**What the task asks**
What lines in the entries below contain the word "have"? Copy all of them.

** Entries provided follows **

(* For any measurable loss function $\ell:\mathcal{W}\times\mathcal{Z}\to[0,\infty)$, any distributions $\mu,\mu'$ on $\mathcal{Z}$, any $n\ge 1$ and any learning algorithm $\mathsf{A}$ run on a training set $S'\sim(\mu')^{\otimes n}$, \[ \mathrm{gen}(\mu,\mu',\mathsf{A})\le \mathsf{D}_2\!\left(\frac{I(S';\mathsf{A}(S'))}{n}\right), \] where for $r\ge 0$ \[ \mathsf{D}_2(r)\triangleq \sup_{P_{\hat W|Z'}:\ I(\hat W;Z')\le r}\ \mathbb{E}\big[L_\mu(\hat W)-\ell(\hat W,Z')\big], \] the supremum being over all Markov kernels $P_{\hat W|Z'}$ from $\mathcal{Z}$ to $\mathcal{W}$, with $Z'\sim\mu'$ (a single sample).
   Context: Setup: $\mathcal{Z}$ (instance space) and $\mathcal{W}$ (hypothesis space) are measurable spaces and $\ell:\mathcal{W}\times\mathcal{Z}\to[0,\infty)$ is a measurable loss. $\mu$ (test distribution) and $\mu'$ (training distribution) are probability distributions on $\mathcal{Z}$. The training set is $S'=(Z'_1,\dots,Z'_n)$ with $Z'_i$ i.i.d. $\sim\mu'$. A learning algorithm $\mathsf{A}$ is a Markov kernel from $\mathcal{Z}^n$ to $\mathcal{W}$, and $W'=\mathsf{A}(S')$. For $w\in\mathcal{W}$, $L_\mu(w)=\mathbb{E}_{Z\sim\mu}[\ell(w,Z)]$, and for $s=(z_1,\dots,z_n)$, $L_s(w)=\frac1n\sum_{i=1}^n\ell(w,z_i)$. The generalization error is $\mathrm{gen}(\mu,\mu',\mathsf{A})=\mathbb{E}[L_\mu(W')-L_{S'}(W')]$ (all expectations assumed well defined). $I(\cdot;\cdot)$ denotes mutual information. *)

theory Defs
  imports "HOL-Probability.Probability"
begin

text \<open>Kullback-Leibler divergence D(P || Q) with values in the extended reals
  (natural logarithm): infinite unless P is absolutely continuous w.r.t. Q;
  otherwise the integral of f ln f with f = dP/dQ, where the positive and
  negative parts are integrated separately (the negative part is always
  finite when Q is a probability measure).\<close>
definition KL_div :: "'a measure \<Rightarrow> 'a measure \<Rightarrow> ereal" where
  "KL_div P Q =
     (if sets P = sets Q \<and> absolutely_continuous Q P then
        (let f = (\<lambda>x. enn2real (RN_deriv Q P x)) in
           enn2ereal (\<integral>\<^sup>+ x. ennreal (f x * ln (f x)) \<partial>Q)
         - enn2ereal (\<integral>\<^sup>+ x. ennreal (- (f x * ln (f x))) \<partial>Q))
      else \<infinity>)"

definition mutual_info :: "'a measure \<Rightarrow> 'b measure \<Rightarrow> ('a \<times> 'b) measure \<Rightarrow> ereal" where
  "mutual_info A B P = KL_div P (distr P A fst \<Otimes>\<^sub>M distr P B snd)"

definition joint_law :: "'a measure \<Rightarrow> 'b measure \<Rightarrow> 'a measure \<Rightarrow> ('a \<Rightarrow> 'b measure) \<Rightarrow> ('a \<times> 'b) measure" where
  "joint_law A B M K = M \<bind> (\<lambda>x. K x \<bind> (\<lambda>y. return (A \<Otimes>\<^sub>M B) (x, y)))"

definition pop_risk :: "('w \<Rightarrow> 'z \<Rightarrow> real) \<Rightarrow> 'z measure \<Rightarrow> 'w \<Rightarrow> ennreal" where
  "pop_risk l \<mu> w = (\<integral>\<^sup>+ z. ennreal (l w z) \<partial>\<mu>)"

definition emp_risk :: "('w \<Rightarrow> 'z \<Rightarrow> real) \<Rightarrow> nat \<Rightarrow> (nat \<Rightarrow> 'z) \<Rightarrow> 'w \<Rightarrow> real" where
  "emp_risk l n s w = (1 / real n) * (\<Sum>i<n. l w (s i))"

definition gen_err :: "'z measure \<Rightarrow> 'w measure \<Rightarrow> ('w \<Rightarrow> 'z \<Rightarrow> real) \<Rightarrow> 'z measure \<Rightarrow> 'z measure
    \<Rightarrow> nat \<Rightarrow> ((nat \<Rightarrow> 'z) \<Rightarrow> 'w measure) \<Rightarrow> ereal" where
  "gen_err Z W l \<mu> \<mu>' n A =
     (let J = joint_law (PiM {..<n} (\<lambda>_. Z)) W (PiM {..<n} (\<lambda>_. \<mu>')) A in
       enn2ereal (\<integral>\<^sup>+ p. pop_risk l \<mu> (snd p) \<partial>J)
     - enn2ereal (\<integral>\<^sup>+ p. ennreal (emp_risk l n (fst p) (snd p)) \<partial>J))"

definition gen_err_defined :: "'z measure \<Rightarrow> 'w measure \<Rightarrow> ('w \<Rightarrow> 'z \<Rightarrow> real) \<Rightarrow> 'z measure \<Rightarrow> 'z measure
    \<Rightarrow> nat \<Rightarrow> ((nat \<Rightarrow> 'z) \<Rightarrow> 'w measure) \<Rightarrow> bool" where
  "gen_err_defined Z W l \<mu> \<mu>' n A =
     (let J = joint_law (PiM {..<n} (\<lambda>_. Z)) W (PiM {..<n} (\<lambda>_. \<mu>')) A in
       \<not> ((\<integral>\<^sup>+ p. pop_risk l \<mu> (snd p) \<partial>J) = \<infinity> \<and>
          (\<integral>\<^sup>+ p. ennreal (emp_risk l n (fst p) (snd p)) \<partial>J) = \<infinity>))"

text \<open>D_2(r) = sup over Markov kernels P_{What|Z'} from Z to W with I(What;Z') <= r
  of E[L_mu(What) - l(What,Z')], Z' ~ mu' (single sample); only kernels for which
  the expectation is well defined (not of the form infinity - infinity) are included.\<close>
definition D2 :: "'z measure \<Rightarrow> 'w measure \<Rightarrow> ('w \<Rightarrow> 'z \<Rightarrow> real) \<Rightarrow> 'z measure \<Rightarrow> 'z measure
    \<Rightarrow> ereal \<Rightarrow> ereal" where
  "D2 Z W l \<mu> \<mu>' r = Sup
     { enn2ereal (\<integral>\<^sup>+ p. pop_risk l \<mu> (snd p) \<partial>J) - enn2ereal (\<integral>\<^sup>+ p. ennreal (l (snd p) (fst p)) \<partial>J)
     | K J. K \<in> measurable Z (prob_algebra W) \<and> J = joint_law Z W \<mu>' K
          \<and> mutual_info Z W J \<le> r
          \<and> \<not> ((\<integral>\<^sup>+ p. pop_risk l \<mu> (snd p) \<partial>J) = \<infinity> \<and>
               (\<integral>\<^sup>+ p. ennreal (l (snd p) (fst p)) \<partial>J) = \<infinity>) }"

end

theory Submission
  imports Defs
begin

text \<open>From an algorithm \<open>A\<close> trained on \<open>n\<close> samples build a single-sample algorithm \<open>K\<close>:
  given \<open>z\<close>, draw a fresh training set, plant \<open>z\<close> at a uniformly random position and run \<open>A\<close>.
  With \<open>Z' \<sim> \<mu>'\<close>, the pair \<open>(Z', K Z')\<close> has the same hypothesis marginal \<open>\<nu>\<close> as \<open>A(S')\<close>, and its
  expected single-sample loss is the expected empirical risk of \<open>A(S')\<close>. So the generalization
  error of \<open>A\<close> is one of the values in the supremum defining \<open>D\<^sub>2\<close>, and it remains to show
  \<open>I(Z'; K Z') \<le> I(S'; A(S')) / n\<close>. Let \<open>f\<close> be the density of the law of \<open>(S', A(S'))\<close> with
  respect to \<open>\<mu>'\<^sup>n \<otimes> \<nu>\<close> and \<open>g\<close> that of the law of \<open>(Z', K Z')\<close> with respect to \<open>\<mu>' \<otimes> \<nu>\<close>.
  Averaging over the planted position gives \<open>n \<integral> g ln g = \<Sum>\<^sub>i \<integral> f(s, w) ln g(s\<^sub>i, w)\<close>, and since
  \<open>\<integral> g(z, w) d\<mu>'(z) = 1\<close> for \<open>\<nu>\<close>-almost every \<open>w\<close>, the product \<open>\<Prod>\<^sub>i g(s\<^sub>i, w)\<close> is again a
  probability density with respect to \<open>\<mu>'\<^sup>n \<otimes> \<nu>\<close>. Gibbs' inequality
  \<open>\<integral> f ln f \<ge> \<integral> f ln \<Prod>\<^sub>i g(s\<^sub>i, w)\<close> finishes the proof.\<close>

section \<open>Product measures and densities\<close>

lemma emeasure_distr_eq_nn_integral:
  assumes "f \<in> M \<rightarrow>\<^sub>M N" "B \<in> sets N"
  shows "emeasure (distr M N f) B = (\<integral>\<^sup>+x. indicator B (f x) \<partial>M)"
proof -
  have "emeasure (distr M N f) B = (\<integral>\<^sup>+x. indicator B x \<partial>distr M N f)"
    using assms(2) by simp
  also have "\<dots> = (\<integral>\<^sup>+x. indicator B (f x) \<partial>M)"
    by (rule nn_integral_distr[OF assms(1)]) (use assms(2) in simp)
  finally show ?thesis .
qed

lemma measurable_fun_upd_pair:
  assumes "i \<in> I"
  shows "(\<lambda>p. (snd p)(i := fst p)) \<in> N \<Otimes>\<^sub>M PiM I (\<lambda>_. N) \<rightarrow>\<^sub>M PiM I (\<lambda>_. N)"
  by (rule measurable_fun_upd[where J=I]) (use assms in auto)

lemma measurable_fun_upd_const:
  assumes "i \<in> I" "z \<in> space N"
  shows "(\<lambda>s. s(i := z)) \<in> PiM I (\<lambda>_. N) \<rightarrow>\<^sub>M PiM I (\<lambda>_. N)"
  by (rule measurable_fun_upd[where J=I]) (use assms in auto)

** End of Entries provided **

**Written response**
  have "emeasure (distr M N f) B = (\<integral>\<^sup>+x. indicator B x \<partial>distr M N f)"
  also have "\<dots> = (\<integral>\<^sup>+x. indicator B (f x) \<partial>M)"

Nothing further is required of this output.